Matthew Bissonnette, who wrote the firsthand account published in 2012 under the name Mark Owen, claims former Carson Boxberger attorney Kevin Podlaski advised him before the book was published that it was unnecessary to clear the manuscript with the Pentagon for potentially classified information.

A magistrate judge on Tuesday partially denied Podlaski’s and the firm’s motion for summary judgment in Bissonnette v. Podlaski, et al., 1:15-cv-334, and denied their motion to exclude an expert witness for Bissonnette.

Bissonnette was featured in disguise on “60 Minutes” after the book’s release, where he described in detail the raid that led to bin Laden’s killing. But he later ran into trouble with the Pentagon. In a subsequent “60 Minutes” appearance, Bissonnette claimed he didn’t first clear the book with the DoD due to bad legal advice.

Bissonnette was cleared in criminal investigations into whether his disclosures in the book violated the Espionage Act, but in a civil case filed in 2016, the government alleged that Bissonnette violated a fiduciary duty and breached Navy SEAL nondisclosure agreements by failing to submit the book for prepublication review. Under a consent decree in the civil case, he agreed to forfeit all proceeds from the book, which totaled $6,664,882.21 at the time the consent decree was signed.

Magistrate Judge Susan Collins in the U.S. District Court for the Northern District of Indiana wrote in a 45-page order Tuesday that Bissonnette’s claims of legal malpractice as a proximate cause of his loss could proceed. She granted Podlaski and Carson Boxberger summary judgment on Bissonnette’s claim of breach of fiduciary duty.

“…(T)he parties have not furnished and the Court has not unearthed any case describing the appropriate analysis for determining whether an attorney’s advice not to submit a manuscript for prepublication review proximately caused damages in the form of royalties forfeited to the government,” Collins wrote.

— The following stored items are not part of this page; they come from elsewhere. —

lemma shift_average_NB_binomial:
  assumes p: "0 < p" "p < 1" and bound: "\<And>n. \<bar>f n\<bar> \<le> B"
  shows "shift_average (NB p r) 1 s (shift_average (binomial_pmf r (p / (1 + p))) (-1) s f) =
    (\<lambda>n. ((1 - p) / (1 + p)) ^ r * f n)"
  using bound
proof (induction r arbitrary: f B)
  case 0
  have "p / (1 + p) \<in> {0..1}" using p by (auto simp: field_simps)
  then show ?case by (simp add: NB_def binomial_pmf_0 shift_average_def)
next
  case (Suc r)
  define q where "q = p / (1 + p)"
  define c where "c = (1 - p) / (1 + p)"
  define Bern :: "nat pmf" where "Bern = map_pmf of_bool (bernoulli_pmf q)"
  define h where "h = shift_average (binomial_pmf r q) (-1) s f"
  have q: "q \<in> {0..1}" and c: "0 \<le> c" using p by (auto simp: q_def c_def field_simps)
  have h_bound: "\<bar>h n\<bar> \<le> B" for n
    unfolding h_def by (rule abs_shift_average_le) (use Suc.prems in auto)
  have Bern_h_bound: "\<bar>shift_average Bern (-1) s h n\<bar> \<le> B" for n
    by (rule abs_shift_average_le) (use h_bound in auto)
  have scaled_bound: "\<bar>c ^ r * f n\<bar> \<le> c ^ r * B" for n
    using c Suc.prems[of n] by (simp add: abs_mult mult_left_mono)
  have "shift_average (NB p (Suc r)) 1 s (shift_average (binomial_pmf (Suc r) q) (-1) s f) =
    shift_average (geometric_pmf (1 - p)) 1 s
      (shift_average (NB p r) 1 s (shift_average Bern (-1) s h))"
  proof -
    have "shift_average (binomial_pmf (Suc r) q) (-1) s f = shift_average Bern (-1) s h"
      unfolding binomial_pmf_Suc_add[OF q] Bern_def h_def
      by (rule shift_average_add_pmf[OF _ Suc.prems]) simp
    then show ?thesis
      unfolding NB_Suc by (simp add: shift_average_add_pmf[OF _ Bern_h_bound])
  qed
  also have "shift_average (NB p r) 1 s (shift_average Bern (-1) s h) =
    shift_average Bern (-1) s (shift_average (NB p r) 1 s h)"
    by (rule shift_average_commute[where B=B]) (auto simp: h_bound)
  also have "shift_average (NB p r) 1 s h = (\<lambda>n. c ^ r * f n)"
    unfolding h_def q_def c_def by (rule Suc.IH[OF Suc.prems])
  also have "shift_average (geometric_pmf (1 - p)) 1 s (shift_average Bern (-1) s (\<lambda>n. c ^ r * f n)) =
    (\<lambda>n. c * (c ^ r * f n))"
    unfolding Bern_def q_def c_def
    by (rule ext, rule shift_average_geometric_bernoulli[OF p scaled_bound[unfolded c_def]])
  finally show ?case by (simp add: q_def c_def mult_ac)
qed
definition k_edge_connected :: "'a set \<Rightarrow> ('a \<Rightarrow> 'a \<Rightarrow> bool) \<Rightarrow> nat \<Rightarrow> bool" where
  "k_edge_connected V E k \<longleftrightarrow>
     (\<forall>S. S \<noteq> {} \<and> S \<subset> V \<longrightarrow> card (edges_between E S (V - S)) \<ge> k)"

text \<open>Walks (as vertex lists) and graph distance (infinite if no walk).\<close>
definition walk :: "'a set \<Rightarrow> ('a \<Rightarrow> 'a \<Rightarrow> bool) \<Rightarrow> 'a list \<Rightarrow> bool" where
  "walk V E xs \<longleftrightarrow> xs \<noteq> [] \<and> set xs \<subseteq> V \<and>
     (\<forall>i. Suc i < length xs \<longrightarrow> E (xs ! i) (xs ! Suc i))"

definition dist :: "'a set \<Rightarrow> ('a \<Rightarrow> 'a \<Rightarrow> bool) \<Rightarrow> 'a \<Rightarrow> 'a \<Rightarrow> enat" where
  "dist V E x y = Inf {enat (length xs - 1) | xs. walk V E xs \<and> hd xs = x \<and> last xs = y}"

definition dist_set :: "'a set \<Rightarrow> ('a \<Rightarrow> 'a \<Rightarrow> bool) \<Rightarrow> 'a \<Rightarrow> 'a set \<Rightarrow> enat" where
  "dist_set V E x A = (INF w\<in>A. dist V E x w)"

definition cdist :: "'a set \<Rightarrow> ('a \<Rightarrow> 'a \<Rightarrow> bool) \<Rightarrow> 'a set \<Rightarrow> 'a \<Rightarrow> 'a \<Rightarrow> enat" where
  "cdist V E V1 x y =
    (if x \<in> V1 \<and> y \<in> V1 then
       min (dist V1 (induced_edges E V1) x y)
           (dist_set V E x (V - V1) + dist_set V E y (V - V1))
     else if y \<in> V - V1 then dist_set V E x (V - V1)
     else dist_set V E y (V - V1))"

definition boundary :: "('a \<Rightarrow> 'a \<Rightarrow> bool) \<Rightarrow> 'a set \<Rightarrow> 'a set \<Rightarrow> nat \<Rightarrow> 'a set" where
  "boundary E V1 V2 j = {x \<in> V1. card (edges_between E {x} V2) \<ge> j}"
text \<open>Averaging over \<open>F\<close>: every vertex with positive weight in the convex combination \<open>u\<close>
  must attain the bound \<open>1\<close> on all of \<open>F\<close>.\<close>

lemma polar_vertex_attains:
  assumes P: "polar_n n S = conv_list W" and u: "u \<in> polar_n n S"
    and F: "finite F" "F \<subseteq> S" and uF: "\<forall>f\<in>F. dot n u f = 1"
  obtains w where "w \<in> set W" "\<forall>f\<in>F. dot n w f = 1"
proof -
  obtain c where c: "\<forall>k<length W. c k \<ge> 0" "(\<Sum>k<length W. c k) = 1"
      "u = (\<lambda>i. \<Sum>k<length W. c k * (W ! k) i)" using u unfolding P conv_list_def by blast
  define m where "m = length W"
  define \<phi> where "\<phi> v = (\<Sum>f\<in>F. dot n v f)" for v
  have le1: "dot n (W!k) f \<le> 1" if "k < m" "f \<in> F" for k f
    using mem_conv_list[of "W!k" W] that F(2) by (auto simp: P[symmetric] mem_polar_iff m_def)
  have phi_le: "\<phi> (W!k) \<le> real (card F)" if "k < m" for k
    using sum_mono[of F "\<lambda>f. dot n (W!k) f" "\<lambda>_. 1"] le1[OF that] by (simp add: \<phi>_def)
  have dot_u: "dot n u f = (\<Sum>k<m. c k * dot n (W!k) f)" for f
    by (simp add: c(3) dot_def m_def sum_distrib_right sum_distrib_left mult.assoc) (rule sum.swap)
  have "\<phi> u = (\<Sum>k<m. c k * \<phi> (W!k))"
    by (simp add: \<phi>_def dot_u sum_distrib_left) (rule sum.swap)
  moreover have "\<phi> u = real (card F)" using uF by (simp add: \<phi>_def)
  ultimately have "(\<Sum>k<m. c k * (real (card F) - \<phi> (W!k))) = 0"
    using c(2) by (simp add: right_diff_distrib sum_subtractf sum_distrib_right[symmetric] m_def)
  moreover have "\<forall>k\<in>{..<m}. c k * (real (card F) - \<phi> (W!k)) \<ge> 0"
    using c(1) phi_le by (auto simp: m_def)
  ultimately have z: "\<forall>k<m. c k * (real (card F) - \<phi> (W!k)) = 0"
    using sum_nonneg_eq_0_iff[of "{..<m}" "\<lambda>k. c k * (real (card F) - \<phi> (W!k))"] by simp
  obtain k where k: "k < m" "c k \<noteq> 0"
  proof (rule ccontr)
    assume "\<not> thesis"
    hence "\<forall>k<m. c k = 0" using that by blast
    thus False using c(2) by (simp add: m_def)
  qed
  have "\<phi> (W!k) = real (card F)" using z k by auto
  hence "(\<Sum>f\<in>F. 1 - dot n (W!k) f) = 0" by (simp add: \<phi>_def sum_subtractf)
  hence "\<forall>f\<in>F. dot n (W!k) f = 1"
    using sum_nonneg_eq_0_iff[OF F(1), of "\<lambda>f. 1 - dot n (W!k) f"] le1[OF k(1)] by auto
  moreover have "W!k \<in> set W" using k by (simp add: m_def)
  ultimately show ?thesis using that by blast
qed

lemma interior_n_subset: "interior_n n S \<subseteq> S"
  by (force simp: interior_n_def)

lemma interior_translate_Delta_sum_less:
  assumes int: "(\<lambda>i. 0) \<in> interior_n (length q) ((\<lambda>x i. x i - t i) ` Delta q)"
    and n: "length q \<ge> 1"
  shows "coord_sum (length q) t < 1"
proof -
  define n where "n = length q"
  obtain e where e: "e > 0"
    and ball: "\<And>y. supp_in n y \<Longrightarrow> (\<forall>i<n. \<bar>y i\<bar> < e) \<Longrightarrow> y \<in> (\<lambda>x i. x i - t i) ` Delta q"
    using int unfolding interior_n_def n_def by auto
  have "(\<lambda>i. if i < n then e/2 else 0) \<in> (\<lambda>x i. x i - t i) ` Delta q"
    using e by (intro ball) (auto simp: supp_in_def)
  hence "coord_sum n (\<lambda>i. (if i < n then e/2 else 0) + t i) \<le> 1"
    by (simp add: mem_translate_iff mem_Delta_iff n_def)
  moreover have "coord_sum n (\<lambda>i. (if i < n then e/2 else 0) + t i) = real n * (e/2) + coord_sum n t"
    by (simp add: coord_sum_def sum.distrib)
  moreover have "real n * (e/2) > 0" using n e unfolding n_def by (intro mult_pos_pos) auto
  ultimately show ?thesis unfolding n_def by linarith
qed

text \<open>The vertex of the polar dual of \<open>Delta q - t\<close> lying on the facet opposite to \<open>-q\<close> is
  \<open>(1/(1 - \<Sum>t)) (1,\<dots>,1)\<close>; its integrality forces \<open>\<Sum>t = 0\<close>.\<close>

lemma polar_translate_Delta_vertex:
  assumes n: "length q \<ge> 1" and S1: "coord_sum (length q) t < 1"
    and W: "polar_n (length q) ((\<lambda>x i. x i - t i) ` Delta q) = conv_list W"
  obtains w where "w \<in> set W" "w 0 * (1 - coord_sum (length q) t) = 1"
proof -
  define n where "n = length q"
  define S where "S = coord_sum n t"
  define Img where "Img = (\<lambda>x i. x i - t i) ` Delta q"
  have S1': "S < 1" using S1 by (simp add: S_def n_def)
  define u where "u = (\<lambda>i. if i < n then 1 / (1 - S) else 0)"
  define F where "F = (\<lambda>l. (\<lambda>i. unit_vec l i - t i)) ` {..<n}"
  have dot_u: "dot n u z = (coord_sum n (\<lambda>i. z i + t i) - S) / (1 - S)" for z
    by (simp add: dot_def u_def coord_sum_def S_def sum_divide_distrib[symmetric] sum.distrib)
  have "u \<in> polar_n n Img"
    unfolding mem_polar_iff
  proof (intro conjI ballI)
    show "supp_in n u" by (simp add: supp_in_def u_def)
    fix z assume "z \<in> Img"
    hence "coord_sum n (\<lambda>i. z i + t i) \<le> 1" by (simp add: Img_def mem_translate_iff mem_Delta_iff n_def)
    thus "dot n u z \<le> 1" using S1' by (simp add: dot_u)
  qed
  moreover have "finite F" by (simp add: F_def)
  moreover have "F \<subseteq> Img"
    using unit_vec_in_Delta[of _ q] by (auto simp: F_def Img_def mem_translate_iff n_def)
  moreover have "\<forall>f\<in>F. dot n u f = 1"
    using S1' by (auto simp: F_def dot_u coord_sum_unit_vec)
  ultimately obtain w where w: "w \<in> set W" "\<forall>f\<in>F. dot n w f = 1"
    using polar_vertex_attains[OF W[folded Img_def n_def]] by blast
  define a where "a = dot n w t"
  have wl: "w l = 1 + a" if l: "l < n" for l
  proof -
    have "dot n w (\<lambda>i. unit_vec l i - t i) = 1" using w(2) l by (auto simp: F_def)
    moreover have "dot n w (\<lambda>i. unit_vec l i - t i) = w l - a"
      using dot_unit_vec[OF l, of w] by (simp add: dot_def a_def right_diff_distrib sum_subtractf)
    ultimately show ?thesis by simp
  qed
  have "a = dot n w t" by (simp add: a_def)
  also have "\<dots> = (\<Sum>i<n. (1 + a) * t i)" unfolding dot_def by (rule sum.cong) (simp_all add: wl)
  also have "\<dots> = (1 + a) * S" by (simp add: S_def coord_sum_def sum_distrib_left)
  finally have "(1 + a) * (1 - S) = 1" by (simp add: algebra_simps)
  moreover have "w 0 = 1 + a" using wl[of 0] n by (cases q) (auto simp: n_def)
  ultimately show ?thesis using that w(1) by (simp add: S_def n_def)
qed

lemma lattice_polar_translate_Delta_sum_eq_0:
  assumes n: "length q \<ge> 1" and t: "t \<in> lattice_pts (length q)"
    and S1: "coord_sum (length q) t < 1"
    and W: "set W \<subseteq> lattice_pts (length q)"
      "polar_n (length q) ((\<lambda>x i. x i - t i) ` Delta q) = conv_list W"
  shows "coord_sum (length q) t = 0"
proof -
  obtain w where w: "w \<in> set W" "w 0 * (1 - coord_sum (length q) t) = 1"
    using polar_translate_Delta_vertex[OF n S1 W(2)] by blast
  have "w 0 \<in> \<int>" using w(1) W(1) by (auto simp: lattice_pts_def)
  moreover have "coord_sum (length q) t \<in> \<int>"
    using t unfolding coord_sum_def lattice_pts_def by (intro Ints_sum) auto
  ultimately have "1 - coord_sum (length q) t = 1"
    using Ints_mult_eq_1_pos[OF _ _ _ w(2)] S1 by auto
  thus ?thesis by simp
qed

lemma Delta_lattice_point_sum_eq_0:
  assumes t: "t \<in> Delta q" "t \<in> lattice_pts (length q)" and S0: "coord_sum (length q) t = 0"
  shows "t = (\<lambda>i. 0)"
proof -
  define n where "n = length q"
  have Qpos: "real (Qsum q) > 0" by (simp add: Qsum_def)
  have tnn: "t i \<ge> 0" if i: "i < n" for i
  proof -
    have "0 \<le> real (Qsum q) * t i + real (q!i)" using t(1) S0 i by (simp add: mem_Delta_iff n_def)
    moreover have "real (q!i) < real (Qsum q)"
      using elem_le_sum_list[of i q] i by (simp add: Qsum_def n_def)
    ultimately have "real (Qsum q) * t i > real (Qsum q) * (-1)" by linarith
    hence "t i > -1" using Qpos mult_less_cancel_left_pos by blast
    thus ?thesis using t(2) Ints_gt_minus_one_imp_nonneg by (auto simp: lattice_pts_def)
  qed
  have "\<forall>i\<in>{..<n}. t i = 0"
    using S0 sum_nonneg_eq_0_iff[of "{..<n}" t] tnn by (auto simp: coord_sum_def n_def)
  moreover have "t i = 0" if "i \<ge> n" for i
    using t(2) that by (simp add: lattice_pts_def supp_in_def n_def)
  ultimately show ?thesis by (metis lessThan_iff not_le)
qed

lemma reflexive_Delta_polar_lattice:
  assumes R: "reflexive_poly (length q) (Delta q)" and n: "length q \<ge> 1"
  obtains W where "set W \<subseteq> lattice_pts (length q)" "polar_n (length q) (Delta q) = conv_list W"
proof -
  obtain t W where t: "t \<in> lattice_pts (length q)"
    and int: "(\<lambda>i. 0) \<in> interior_n (length q) ((\<lambda>x i. x i - t i) ` Delta q)"
    and W: "set W \<subseteq> lattice_pts (length q)"
      "polar_n (length q) ((\<lambda>x i. x i - t i) ` Delta q) = conv_list W"
    using R unfolding reflexive_poly_def lattice_polytope_def by blast
  have "coord_sum (length q) t = 0"
    using lattice_polar_translate_Delta_sum_eq_0[OF n t _ W]
      interior_translate_Delta_sum_less[OF int n] by blast
  moreover have "(\<lambda>i. 0) \<in> (\<lambda>x i. x i - t i) ` Delta q" using interior_n_subset int by blast
  hence "t \<in> Delta q" using mem_translate_iff[of "\<lambda>i. 0" t] by simp
  ultimately have "t = (\<lambda>i. 0)" using Delta_lattice_point_sum_eq_0 t by blast
  thus ?thesis using that W by simp
qed

text \<open>The polar vertex on the facet through \<open>-q\<close> and all \<open>e\<^sub>l\<close>, \<open>l \<noteq> k\<close>, has \<open>k\<close>-th
  coordinate \<open>1 - Qsum q / q\<^sub>k\<close>.\<close>

lemma polar_Delta_vertex_coord:
  assumes k: "k < length q" and qk: "q ! k \<ge> 1" and W: "polar_n (length q) (Delta q) = conv_list W"
  obtains w where "w \<in> set W" "real (Qsum q) = real (q!k) * (1 - w k)"
proof -
  define n where "n = length q"
  define Q where "Q = real (Qsum q)"
  define qk where "qk = real (q!k)"
  have qkpos: "qk > 0" using qk by (simp add: qk_def)
  define u where "u = (\<lambda>i. if i < n then (if i = k then 1 - Q / qk else 1) else 0)"
  define vq where "vq = (\<lambda>i. if i < n then - real (q ! i) else 0)"
  define F where "F = insert vq (unit_vec ` ({..<n} - {k}))"
  have dot_u: "dot n u z = coord_sum n z - (Q / qk) * z k" for z
  proof -
    have "dot n u z = (\<Sum>i<n. z i - (if i = k then (Q / qk) * z k else 0))"
      unfolding dot_def by (rule sum.cong) (auto simp: u_def algebra_simps)
    also have "\<dots> = coord_sum n z - (Q / qk) * z k" using k by (simp add: sum_subtractf coord_sum_def n_def)
    finally show ?thesis .
  qed
  have "u \<in> polar_n n (Delta q)"
    unfolding mem_polar_iff
  proof (intro conjI ballI)
    show "supp_in n u" by (simp add: supp_in_def u_def)
    fix z assume "z \<in> Delta q"
    hence "Q * z k + qk * (1 - coord_sum n z) \<ge> 0" using k by (simp add: mem_Delta_iff n_def Q_def qk_def)
    hence "(Q / qk) * z k + (1 - coord_sum n z) \<ge> 0"
      using qkpos by (simp add: field_simps zero_le_divide_iff)
    thus "dot n u z \<le> 1" by (simp add: dot_u)
  qed
  moreover have "finite F" by (simp add: F_def)
  moreover have "F \<subseteq> Delta q"
    using unit_vec_in_Delta[of _ q] minus_q_in_Delta[of q] by (auto simp: F_def vq_def n_def)
  moreover have "\<forall>f\<in>F. dot n u f = 1"
  proof -
    have "coord_sum n vq = 1 - Q"
      by (simp add: vq_def coord_sum_def sum_negf sum_nth_real n_def Q_def Qsum_def)
    moreover have "vq k = - qk" using k by (simp add: vq_def qk_def n_def)
    ultimately have "dot n u vq = 1" using qkpos by (simp add: dot_u)
    moreover have "dot n u (unit_vec l) = 1" if "l < n" "l \<noteq> k" for l
      using that by (simp add: dot_unit_vec u_def)
    ultimately show ?thesis by (auto simp: F_def)
  qed
  ultimately obtain w where w: "w \<in> set W" "\<forall>f\<in>F. dot n w f = 1"
    using polar_vertex_attains[OF W[folded n_def]] by blast
  have w1: "w l = 1" if "l < n" "l \<noteq> k" for l
    using w(2) dot_unit_vec[OF \<open>l < n\<close>, of w] that by (auto simp: F_def)
  have "dot n w vq = 1" using w(2) by (simp add: F_def)
  moreover have "dot n w vq = - (\<Sum>i<n. real (q!i) + (if i = k then qk * (w k - 1) else 0))"
    unfolding dot_def vq_def
    by (simp add: sum_negf[symmetric]) (rule sum.cong, auto simp: w1 qk_def algebra_simps)
  moreover have "(\<Sum>i<n. real (q!i) + (if i = k then qk * (w k - 1) else 0)) = (Q - 1) + qk * (w k - 1)"
    using k by (simp add: sum.distrib sum_nth_real n_def Q_def Qsum_def)
  ultimately have "Q = qk * (1 - w k)" by (simp add: algebra_simps)
  thus ?thesis using that w(1) by (simp add: Q_def qk_def)
qed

“By retaining some amount of royalties, Bissonnette would be better off than if he had retained no royalties at all, which is what actually happened (Bissonnette forfeited all of the royalties to the DoD, and therefore netted zero dollars in total royalties),” the magistrate judge wrote. “… In this Opinion and Order, the Court assumes that if the Book would have been published following prepublication review, it would have generated some not insignificant amount of royalties to Bissonnette. Therefore, on summary judgment, Bissonnette must only provide evidence from which a reasonable factfinder could conclude that if Bissonnette had submitted a manuscript (for prepublication review), some version of the Book would have been published.

“… (T)he Court is persuaded that a reasonable factfinder could conclude — without engaging in undue speculation — that Podlaski proximately caused Bissonnette to forfeit royalties to the government. Defendants, by insisting that all the evidence of record is too speculative, are ‘throwing sand’ in the Court’s eyes to avert its attention,” Collins wrote. The order schedules a teleconference with the parties for June 14.

Podlaski is now with Beers Mallers Backs & Salin LLP in Fort Wayne.